- _Exercise_:
Set down exactly the lines in the records below that run from the line with "constant \<open>e\<^sup>L\<close>, and testing" to the line with "section \<open>Integration over", inclusive, and nothing more.

- _Collected data_:
=== Section Start ===

(* Let $\mathbb T=\mathbb R/2\pi\mathbb Z$ with normalized Lebesgue measure $dx$, $\rho$ a smooth strictly positive probability density, $(t,x)\mapsto\phi_t(x)$ smooth on $[0,1]\times\mathbb T$, $X_t$ the flow of $\frac{dX_t}{dt}=\partial_x\phi_t(X_t)$, $X_0=\mathrm{id}$, and $\rho_t$ the density of $(X_t)_\#(\rho\,dx)$; set $\hat\rho_t=1/\big((\int_{\mathbb T}\frac{dx}{\rho_t})\rho_t\big)$. Let $g:[0,1]\times\mathbb T\to\mathbb R$, $g_t\in C^2(\mathbb T)$, $C^1$ in $t$, with $\int_{\mathbb T}g_t\,dx=0$, be a solution of $$\frac{dg_t}{dt}=-\partial_xg_t\,\partial_x\phi_t+\Big(\int_{\mathbb T}\partial_xg_t\,\partial_x\phi_t\,dx\Big)\hat\rho_t.$$ Then $\int_{\mathbb T}|g_t|^2\rho_t\,dx=\int_{\mathbb T}|g_0|^2\rho\,dx$ for all $t\in[0,1]$. *)

theory Defs
  imports "HOL-Analysis.Analysis"
begin

text \<open>The circle T = R/2piZ is modelled by 2pi-periodic functions on R.
  Normalized Lebesgue measure on T: uniform (probability) measure on [0,2pi).\<close>

definition Tmeas :: "real measure" where
  "Tmeas = uniform_measure lborel {0..<2*pi}"

definition Tint :: "(real \<Rightarrow> real) \<Rightarrow> real" where
  "Tint f = integral\<^sup>L Tmeas f"

definition tmod :: "real \<Rightarrow> real" where
  "tmod x = x - 2*pi * of_int \<lfloor>x / (2*pi)\<rfloor>"

definition periodic2pi :: "(real \<Rightarrow> real) \<Rightarrow> bool" where
  "periodic2pi f \<longleftrightarrow> (\<forall>x. f (x + 2*pi) = f x)"

definition Cn :: "nat \<Rightarrow> (real \<Rightarrow> real) \<Rightarrow> bool" where
  "Cn k f \<longleftrightarrow> (\<forall>j<k. \<forall>x. ((deriv ^^ j) f) differentiable (at x))
              \<and> continuous_on UNIV ((deriv ^^ k) f)"

definition smooth1 :: "(real \<Rightarrow> real) \<Rightarrow> bool" where
  "smooth1 f \<longleftrightarrow> (\<forall>k. Cn k f)"

fun Ck2 :: "nat \<Rightarrow> (real \<times> real) set \<Rightarrow> (real \<times> real \<Rightarrow> real) \<Rightarrow> bool" where
  "Ck2 0 S f = continuous_on S f"
| "Ck2 (Suc k) S f = (\<exists>D1 D2.
      (\<forall>p\<in>S. (f has_derivative (\<lambda>h. D1 p * fst h + D2 p * snd h)) (at p within S))
      \<and> Ck2 k S D1 \<and> Ck2 k S D2)"

definition smooth2 :: "(real \<times> real) set \<Rightarrow> (real \<times> real \<Rightarrow> real) \<Rightarrow> bool" where
  "smooth2 S f \<longleftrightarrow> (\<forall>k. Ck2 k S f)"

end

theory Submission
  imports Defs
begin

text \<open>
  Put \<open>u\<^sub>t = g\<^sub>t \<circ> X\<^sub>t\<close>. Since \<open>X\<^sub>t\<close> moves with velocity \<open>\<partial>\<^sub>x \<phi>\<^sub>t\<close>, the transport term of the
  equation cancels along the flow and \<open>\<partial>\<^sub>t u\<^sub>t = a(t) / \<rho>\<^sub>t(X\<^sub>t)\<close>, where
  \<open>a(t) = (\<integral> \<partial>\<^sub>x g\<^sub>t \<partial>\<^sub>x \<phi>\<^sub>t) / (\<integral> 1/\<rho>\<^sub>t)\<close>. As \<open>\<rho>\<^sub>t dx\<close> is the image of \<open>\<rho> dx\<close> under \<open>X\<^sub>t\<close>, the weighted
  norm is \<open>\<integral> u\<^sub>t\<^sup>2 \<rho>\<close>, and its derivative \<open>2 a(t) \<integral> (g\<^sub>t/\<rho>\<^sub>t)(X\<^sub>t) \<rho> = 2 a(t) \<integral> g\<^sub>t\<close> vanishes.

  Differentiating under the integral needs \<open>\<rho>\<^sub>t\<close> bounded above and away from zero uniformly in
  \<open>t\<close>. By Gronwall each \<open>X\<^sub>t\<close> lifts a bi-Lipschitz circle map with constant \<open>e\<^sup>L\<close>, and testing
  the push-forward identity against narrow bumps gives \<open>min \<rho> / e\<^sup>L \<le> \<rho>\<^sub>t \<le> e\<^sup>L max \<rho>\<close>.
\<close>

section \<open>Integration over the circle\<close>

lemma sets_Tmeas [simp, measurable_cong]: "sets Tmeas = sets borel"
  by (simp add: Tmeas_def)

lemma space_Tmeas [simp]: "space Tmeas = UNIV"
  by (simp add: Tmeas_def)

interpretation Tmeas: finite_measure Tmeas
proof
  have "emeasure Tmeas {0..<2*pi} = 1"
    unfolding Tmeas_def by (rule emeasure_uniform_measure_1) auto
  moreover have "emeasure Tmeas (UNIV - {0..<2*pi}) = 0"
    unfolding Tmeas_def by simp
  ultimately show "emeasure Tmeas (space Tmeas) \<noteq> \<infinity>"
    using emeasure_Un[of "{0..<2*pi}" Tmeas "UNIV - {0..<2*pi}"] by simp
qed

lemma Tmeas_eq_density: "Tmeas = density lborel (\<lambda>x. ennreal (indicator {0..<2*pi} x / (2*pi)))"
proof -
  have "1 / ennreal (2*pi) = ennreal (1 / (2*pi))"
    using divide_ennreal[of 1 "2*pi"] by simp
  then show ?thesis
    unfolding Tmeas_def uniform_measure_def by (intro density_cong) (auto simp: indicator_def)
qed

lemma borel_measurable_Tmeas_continuous:
  "continuous_on UNIV f \<Longrightarrow> (f :: real \<Rightarrow> real) \<in> borel_measurable Tmeas"
  using borel_measurable_continuous_onI measurable_cong_sets by (metis sets_Tmeas)

lemma integrable_Tmeas_continuous_bounded:
  assumes "continuous_on UNIV f" and "\<And>x. \<bar>f x\<bar> \<le> B"
  shows "integrable Tmeas (f :: real \<Rightarrow> real)"
  using assms by (intro Tmeas.integrable_const_bound[where B=B]) (auto intro: borel_measurable_Tmeas_continuous)

lemma Tint_eq_integral:
  assumes "continuous_on UNIV f"
  shows "Tint f = integral {0..2*pi} f / (2*pi)"
proof -
  have "f \<in> borel_measurable lborel"
    using assms by (simp add: borel_measurable_continuous_onI)
  then have "Tint f = integral\<^sup>L lborel (\<lambda>x. indicator {0..<2*pi} x / (2*pi) * f x)"
    unfolding Tint_def Tmeas_eq_density by (subst integral_density) auto
  also have "\<dots> = (LINT x:{0..<2*pi}|lborel. f x) / (2*pi)"
    by (simp add: set_lebesgue_integral_def indicator_def)
  also have "(LINT x:{0..<2*pi}|lborel. f x) = integral {0..<2*pi} f"
  proof (rule set_borel_integral_eq_integral)
    have "set_integrable lborel {0..2*pi} f"
      by (rule borel_integrable_atLeastAtMost') (rule continuous_on_subset[OF assms], auto)
    then show "set_integrable lborel {0..<2*pi} f"
      by (rule set_integrable_subset) auto
  qed
  also have "integral {0..<2*pi} f = integral {0..2*pi} f"
    by (rule integral_spike_set) (auto intro: negligible_subset[OF negligible_sing[of "2*pi"]])
  finally show ?thesis .
qed

lemma periodic2pi_int:
  assumes "periodic2pi f"
  shows "f (x + 2*pi * of_int k) = f x"
proof (induction k arbitrary: x rule: int_induct[where k=0])
  case (step1 i)
  have "f (x + 2*pi * of_int (i + 1)) = f ((x + 2*pi * of_int i) + 2*pi)"
    by (simp add: algebra_simps)
  with assms step1 show ?case by (simp add: periodic2pi_def)
next
  case (step2 i)
  have "f (x + 2*pi * of_int i) = f ((x + 2*pi * of_int (i - 1)) + 2*pi)"
    by (simp add: algebra_simps)
  with assms step2 show ?case by (simp add: periodic2pi_def)
qed simp

lemma tmod_in_period: "tmod x \<in> {0..<2*pi}"
proof -
  define y where "y = x / (2*pi)"
  have "of_int \<lfloor>y\<rfloor> \<le> y" "y < of_int \<lfloor>y\<rfloor> + 1"
    by linarith+
  then have "2*pi * of_int \<lfloor>y\<rfloor> \<le> 2*pi*y" "2*pi*y < 2*pi * (of_int \<lfloor>y\<rfloor> + 1)"
    by (intro mult_left_mono mult_strict_left_mono; simp)+
  moreover have "x = 2*pi*y" by (simp add: y_def)
  ultimately show ?thesis unfolding tmod_def y_def[symmetric] by (auto simp: algebra_simps)
qed

lemma periodic2pi_tmod: "periodic2pi f \<Longrightarrow> f (tmod x) = f x"
  unfolding tmod_def using periodic2pi_int[of f "x - 2*pi * of_int \<lfloor>x / (2*pi)\<rfloor>" "\<lfloor>x / (2*pi)\<rfloor>"]
  by simp

lemma integrable_on_interval_continuous:
  "continuous_on UNIV f \<Longrightarrow> (f :: real \<Rightarrow> real) integrable_on {a..b}"
  by (rule integrable_continuous_interval, erule continuous_on_subset) auto

lemma integral_period_shift:
  fixes f :: "real \<Rightarrow> real"
  assumes cont: "continuous_on UNIV f" and per: "periodic2pi f"
  shows "integral {a..a+2*pi} f = integral {0..2*pi} f"
proof -
  define b where "b = tmod a"
  have b: "0 \<le> b" "b < 2*pi" using tmod_in_period[of a] by (auto simp: b_def)
  define n where "n = \<lfloor>a / (2*pi)\<rfloor>"
  have a: "a = b + 2*pi * of_int n" by (simp add: b_def tmod_def n_def)
  have "integral {a..a+2*pi} f = integral {b..b+2*pi} (\<lambda>x. f (x + 2*pi * of_int n))"
    using integral_shift_real_ivl[of "b + 2*pi * of_int n" "2*pi * of_int n" "b+2*pi + 2*pi * of_int n" f] a
    by (simp add: algebra_simps)
  also have "\<dots> = integral {b..b+2*pi} f"
    using periodic2pi_int[OF per] by simp
  also have "\<dots> = integral {b..2*pi} f + integral {2*pi..b+2*pi} f"
    using b integrable_on_interval_continuous[OF cont]
    by (intro Henstock_Kurzweil_Integration.integral_combine[symmetric]) auto
  also have "integral {2*pi..b+2*pi} f = integral {0..b} f"
    using integral_shift_real_ivl[of "2*pi" "2*pi" "b+2*pi" f] per by (simp add: periodic2pi_def)
  also have "integral {b..2*pi} f + integral {0..b} f = integral {0..2*pi} f"
    using b integrable_on_interval_continuous[OF cont] Henstock_Kurzweil_Integration.integral_combine[of 0 b "2*pi" f]
    by simp
  finally show ?thesis .
qed

lemma Tint_eq_integral_period:
  fixes f :: "real \<Rightarrow> real"
  assumes "continuous_on UNIV f" and "periodic2pi f"
  shows "Tint f = integral {a..a+2*pi} f / (2*pi)"
  using Tint_eq_integral integral_period_shift assms by simp

lemma periodic2pi_family_bounded:
  fixes H :: "real \<Rightarrow> real \<Rightarrow> real"
  assumes "compact A" and cont: "continuous_on (A \<times> UNIV) (\<lambda>(t, x). H t x)"
    and per: "\<And>t. t \<in> A \<Longrightarrow> periodic2pi (H t)"
  obtains B where "\<And>t x. t \<in> A \<Longrightarrow> \<bar>H t x\<bar> \<le> B"
proof -
  have "compact ((\<lambda>(t, x). H t x) ` (A \<times> {0..2*pi}))"
    by (rule compact_continuous_image[OF continuous_on_subset[OF cont]])
       (use \<open>compact A\<close> in \<open>auto intro: compact_Times\<close>)
  then obtain B where B: "\<And>z. z \<in> (\<lambda>(t, x). H t x) ` (A \<times> {0..2*pi}) \<Longrightarrow> norm z \<le> B"
    using compact_imp_bounded bounded_iff by metis
  have "\<bar>H t x\<bar> \<le> B" if "t \<in> A" for t x
  proof -
    have "(t, tmod x) \<in> A \<times> {0..2*pi}" using that tmod_in_period[of x] by auto
    with B have "\<bar>H t (tmod x)\<bar> \<le> B" by force
    then show ?thesis using periodic2pi_tmod[OF per[OF that]] by simp
  qed
  then show thesis by (rule that)
qed

lemma periodic2pi_attains_max:
  fixes f :: "real \<Rightarrow> real"
  assumes cont: "continuous_on UNIV f" and per: "periodic2pi f"
  obtains x0 where "\<And>x. f x \<le> f x0"
proof -
  have "\<exists>x0\<in>{0..2*pi}. \<forall>y\<in>{0..2*pi}. f y \<le> f x0"
    by (rule continuous_attains_sup) (auto intro: continuous_on_subset[OF cont])
  then obtain x0 where "\<And>y. y \<in> {0..2*pi} \<Longrightarrow> f y \<le> f x0" by blast
  then have "f x \<le> f x0" for x
    using periodic2pi_tmod[OF per, of x] tmod_in_period[of x] by force
  then show thesis by (rule that)
qed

=== Section End ===

- _Expected answer_:
  \<open>t\<close>. By Gronwall each \<open>X\<^sub>t\<close> lifts a bi-Lipschitz circle map with constant \<open>e\<^sup>L\<close>, and testing
  the push-forward identity against narrow bumps gives \<open>min \<rho> / e\<^sup>L \<le> \<rho>\<^sub>t \<le> e\<^sup>L max \<rho>\<close>.
\<close>

section \<open>Integration over the circle\<close>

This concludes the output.